Your objective
After locating the line with "proof (rule ccontr)" in the data that follows, return it and every later line exactly, up to and including the line with "(u has_real_derivative y)".

Recorded data
locale channel_profile =
  fixes \<kappa> u0 :: real and r u :: "real \<Rightarrow> real"
  assumes kappa_pos: "0 < \<kappa>" and u0_pos: "0 < u0" and profile: "kappa_profile \<kappa> u0 r u"
begin

abbreviation V :: "real \<Rightarrow> real" where
  "V \<equiv> channel_volume \<kappa> r u"

lemma r_zero: "r 0 = 0" and u_zero: "u 0 = u0"
  using profile unfolding kappa_profile_def by auto

lemma r_deriv_within: "\<psi> \<in> {0..pi} \<Longrightarrow>
    (r has_real_derivative cos \<psi> / (\<kappa> * u \<psi>)) (at \<psi> within {0..pi})"
  and u_deriv_within: "\<psi> \<in> {0..pi} \<Longrightarrow>
    (u has_real_derivative sin \<psi> / (\<kappa> * u \<psi>)) (at \<psi> within {0..pi})"
  using profile unfolding kappa_profile_def by auto

lemma r_deriv: "0 < \<psi> \<Longrightarrow> \<psi> < pi \<Longrightarrow> (r has_real_derivative cos \<psi> / (\<kappa> * u \<psi>)) (at \<psi>)"
  and u_deriv: "0 < \<psi> \<Longrightarrow> \<psi> < pi \<Longrightarrow> (u has_real_derivative sin \<psi> / (\<kappa> * u \<psi>)) (at \<psi>)"
  using r_deriv_within[of \<psi>] u_deriv_within[of \<psi>] at_within_Icc_at[of 0 \<psi> pi] by auto

lemma continuous_on_r: "0 \<le> a \<Longrightarrow> b \<le> pi \<Longrightarrow> continuous_on {a..b} r"
  and continuous_on_u: "0 \<le> a \<Longrightarrow> b \<le> pi \<Longrightarrow> continuous_on {a..b} u"
  using continuous_on_subset[OF DERIV_continuous_on[OF r_deriv_within]]
    continuous_on_subset[OF DERIV_continuous_on[OF u_deriv_within]] by auto

lemma u_pos:
  assumes "0 \<le> \<psi>" "\<psi> \<le> pi"
  shows "0 < u \<psi>"
proof -
  have u_nonzero: "u x \<noteq> 0" if x: "0 \<le> x" "x \<le> pi" for x
  proof -
    \<comment> \<open>Since division by zero yields zero, the derivative of \<open>u\<^sup>2\<close> is \<open>2 sin / \<kappa>\<close> or \<open>0\<close>.\<close>
    have "(u 0)\<^sup>2 \<le> (u x)\<^sup>2"
    proof (rule DERIV_nonneg_imp_increasing_open[of 0 x "\<lambda>t. (u t)\<^sup>2"])
      show "continuous_on {0..x} (\<lambda>t. (u t)\<^sup>2)"
        using continuous_on_u[of 0 x] x by (auto intro!: continuous_intros)
      fix t assume t: "0 < t" "t < x"
      have "((\<lambda>t. (u t)\<^sup>2) has_real_derivative 2 * u t * (sin t / (\<kappa> * u t))) (at t)"
        using u_deriv[of t] t x by (auto intro!: derivative_eq_intros)
      moreover have "0 \<le> sin t" using t x by (auto intro!: sin_ge_zero)
      ultimately show "\<exists>y. ((\<lambda>t. (u t)\<^sup>2) has_real_derivative y) (at t) \<and> 0 \<le> y"
        using kappa_pos by (cases "u t = 0") auto
    qed (use x in auto)
    then show ?thesis using u_zero u0_pos by auto
  qed
  show ?thesis
  proof (rule ccontr)
    assume "\<not> 0 < u \<psi>"
    then obtain x where "0 \<le> x" "x \<le> \<psi>" "u x = 0"
      using IVT2'[of u \<psi> 0 0] continuous_on_u[of 0 \<psi>] assms u_zero u0_pos by auto
    then show False using u_nonzero[of x] assms by auto
  qed
qed

lemma u_strict_mono:
  assumes "0 \<le> a" "a < b" "b \<le> pi"
  shows "u a < u b"
proof (rule DERIV_pos_imp_increasing_open[OF assms(2)])
  show "continuous_on {a..b} u" using continuous_on_u assms by auto
  fix t assume "a < t" "t < b"
  then show "\<exists>y. (u has_real_derivative y) (at t) \<and> 0 < y"
    using u_deriv[of t] u_pos[of t] sin_gt_zero[of t] kappa_pos assms by auto
qed

lemma r_strict_mono:
  assumes "0 \<le> a" "a < b" "b \<le> pi/2"
  shows "r a < r b"
proof (rule DERIV_pos_imp_increasing_open[OF assms(2)])
  show "continuous_on {a..b} r" using continuous_on_r assms by auto
  fix t assume "a < t" "t < b"
  then show "\<exists>y. (r has_real_derivative y) (at t) \<and> 0 < y"
    using r_deriv[of t] u_pos[of t] cos_gt_zero[of t] kappa_pos assms by auto
qed

lemma r_strict_antimono:
  assumes "pi/2 \<le> a" "a < b" "b \<le> pi"
  shows "r b < r a"
proof (rule DERIV_neg_imp_decreasing_open[OF assms(2)])
  show "continuous_on {a..b} r" using continuous_on_r assms by auto
  fix t assume "a < t" "t < b"
  then show "\<exists>y. (r has_real_derivative y) (at t) \<and> y < 0"
    using r_deriv[of t] u_pos[of t] cos_lt_zero[of t] kappa_pos assms
    by (auto simp: divide_neg_pos)
qed

lemma sin_div_less_r:
  assumes "0 < \<psi>" "\<psi> \<le> pi/2"
  shows "sin \<psi> / (\<kappa> * u \<psi>) < r \<psi>"
proof -
  let ?D = "\<lambda>t. r t - sin t / (\<kappa> * u \<psi>)"
  have "?D 0 < ?D \<psi>"
  proof (rule DERIV_pos_imp_increasing_open[OF assms(1)])
    show "continuous_on {0..\<psi>} ?D"
      using continuous_on_r[of 0 \<psi>] u_pos[of \<psi>] assms kappa_pos
      by (auto intro!: continuous_intros)
    fix t assume t: "0 < t" "t < \<psi>"
    have "((\<lambda>t. r t - sin t / (\<kappa> * u \<psi>)) has_real_derivative
        cos t / (\<kappa> * u t) - cos t / (\<kappa> * u \<psi>)) (at t)"
      using r_deriv[of t] u_pos[of \<psi>] t assms kappa_pos by (auto intro!: derivative_eq_intros)
    moreover have "cos t / (\<kappa> * u \<psi>) < cos t / (\<kappa> * u t)"
      using u_strict_mono[of t \<psi>] u_pos[of t] cos_gt_zero[of t] t assms kappa_pos
      by (auto intro!: divide_strict_left_mono mult_strict_left_mono)
    ultimately show "\<exists>y. (?D has_real_derivative y) (at t) \<and> 0 < y" by auto
  qed
  then show ?thesis using r_zero by simp
qed

lemma r_div_sin_strict_antimono:
  assumes "0 < a" "a < b" "b \<le> pi/2"
  shows "r b * sin a < r a * sin b"
proof -
  have sin_pos: "0 < sin t" if "a \<le> t" "t \<le> b" for t
    using that assms by (auto intro!: sin_gt_zero)
  have "r b / sin b < r a / sin a"
  proof (rule DERIV_neg_imp_decreasing_open[OF assms(2)])
    show "continuous_on {a..b} (\<lambda>t. r t / sin t)"
      using continuous_on_r[of a b] assms sin_pos
      by (auto intro!: continuous_intros simp: less_imp_neq[symmetric])
    fix t assume t: "a < t" "t < b"
    have "((\<lambda>t. r t / sin t) has_real_derivative
        (cos t / (\<kappa> * u t) * sin t - r t * cos t) / (sin t * sin t)) (at t)"
      using r_deriv[of t] t assms sin_pos[of t]
      by (auto intro!: derivative_eq_intros simp: power2_eq_square)
    moreover have "cos t / (\<kappa> * u t) * sin t - r t * cos t < 0"
      using sin_div_less_r[of t] u_pos[of t] cos_gt_zero[of t] t assms kappa_pos
      by (simp add: field_simps)
    ultimately show "\<exists>y. ((\<lambda>t. r t / sin t) has_real_derivative y) (at t) \<and> y < 0"
      using sin_pos[of t] t by (auto simp: divide_neg_pos)
  qed
  then show ?thesis using sin_pos[of a] sin_pos[of b] assms by (simp add: field_simps)
qed

lemma R_mult_sin_less_r:
  assumes "pi/2 < \<psi>" "\<psi> \<le> pi"
  shows "r (pi/2) * sin \<psi> < r \<psi>"
proof -
  let ?D = "\<lambda>t. r t - r (pi/2) * sin t"
  have "?D (pi/2) < ?D \<psi>"
  proof (rule DERIV_pos_imp_increasing_open[OF assms(1)])
    show "continuous_on {pi/2..\<psi>} ?D"
      using continuous_on_r[of "pi/2" \<psi>] assms by (auto intro!: continuous_intros)
    fix t assume t: "pi/2 < t" "t < \<psi>"
    have "(?D has_real_derivative cos t * (1 / (\<kappa> * u t) - r (pi/2))) (at t)"
      using r_deriv[of t] t assms by (auto intro!: derivative_eq_intros simp: field_simps)
    moreover have "1 / (\<kappa> * u t) < 1 / (\<kappa> * u (pi/2))"
      using u_strict_mono[of "pi/2" t] u_pos[of "pi/2"] t assms kappa_pos
      by (auto intro!: divide_strict_left_mono mult_strict_left_mono)
    moreover have "1 / (\<kappa> * u (pi/2)) < r (pi/2)" using sin_div_less_r[of "pi/2"] by simp
    moreover have "cos t < 0" using cos_lt_zero[of t] t assms by simp
    ultimately show "\<exists>y. (?D has_real_derivative y) (at t) \<and> 0 < y"
      by (auto intro!: mult_neg_neg)
  qed
  then show ?thesis by simp
qed

lemma volume_deriv:
  assumes "0 < \<psi>" "\<psi> < pi"
  shows "(V has_real_derivative 2 * r \<psi> * sin \<psi> / (\<kappa> * u \<psi>)) (at \<psi>)"
proof -
  have "(V has_real_derivative
      2 * (cos \<psi> / (\<kappa> * u \<psi>) * u \<psi> + r \<psi> * (sin \<psi> / (\<kappa> * u \<psi>)) - cos \<psi> / \<kappa>)) (at \<psi>)"
    unfolding channel_volume_def[abs_def] using r_deriv u_deriv assms kappa_pos
    by (auto intro!: derivative_eq_intros)
  then show ?thesis using u_pos[of \<psi>] assms kappa_pos by (simp add: field_simps)
qed

lemma continuous_on_volume: "0 \<le> a \<Longrightarrow> b \<le> pi \<Longrightarrow> continuous_on {a..b} V"
  unfolding channel_volume_def[abs_def]
  using continuous_on_r continuous_on_u kappa_pos by (auto intro!: continuous_intros)

lemma r_mono: "0 \<le> a \<Longrightarrow> a \<le> b \<Longrightarrow> b \<le> pi/2 \<Longrightarrow> r a \<le> r b"
  using r_strict_mono[of a b] by (cases "a = b") auto

lemma r_antimono: "pi/2 \<le> a \<Longrightarrow> a \<le> b \<Longrightarrow> b \<le> pi \<Longrightarrow> r b \<le> r a"
  using r_strict_antimono[of a b] by (cases "a = b") auto

lemma r_pos:
  assumes "0 < \<psi>" "\<psi> \<le> pi"
  shows "0 < r \<psi>"
proof (cases "\<psi> \<le> pi/2")
  case True
  then show ?thesis using r_strict_mono[of 0 \<psi>] r_zero assms by simp
next
  case False
  have "0 < r (pi/2)" using r_strict_mono[of 0 "pi/2"] r_zero by simp
  moreover have "0 \<le> sin \<psi>" using assms by (simp add: sin_ge_zero)
  ultimately show ?thesis using R_mult_sin_less_r[of \<psi>] False assms
    by (smt (verit) mult_nonneg_nonneg)
qed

Answer section
  proof (rule ccontr)
    assume "\<not> 0 < u \<psi>"
    then obtain x where "0 \<le> x" "x \<le> \<psi>" "u x = 0"
      using IVT2'[of u \<psi> 0 0] continuous_on_u[of 0 \<psi>] assms u_zero u0_pos by auto
    then show False using u_nonzero[of x] assms by auto
  qed
qed

lemma u_strict_mono:
  assumes "0 \<le> a" "a < b" "b \<le> pi"
  shows "u a < u b"
proof (rule DERIV_pos_imp_increasing_open[OF assms(2)])
  show "continuous_on {a..b} u" using continuous_on_u assms by auto
  fix t assume "a < t" "t < b"
  then show "\<exists>y. (u has_real_derivative y) (at t) \<and> 0 < y"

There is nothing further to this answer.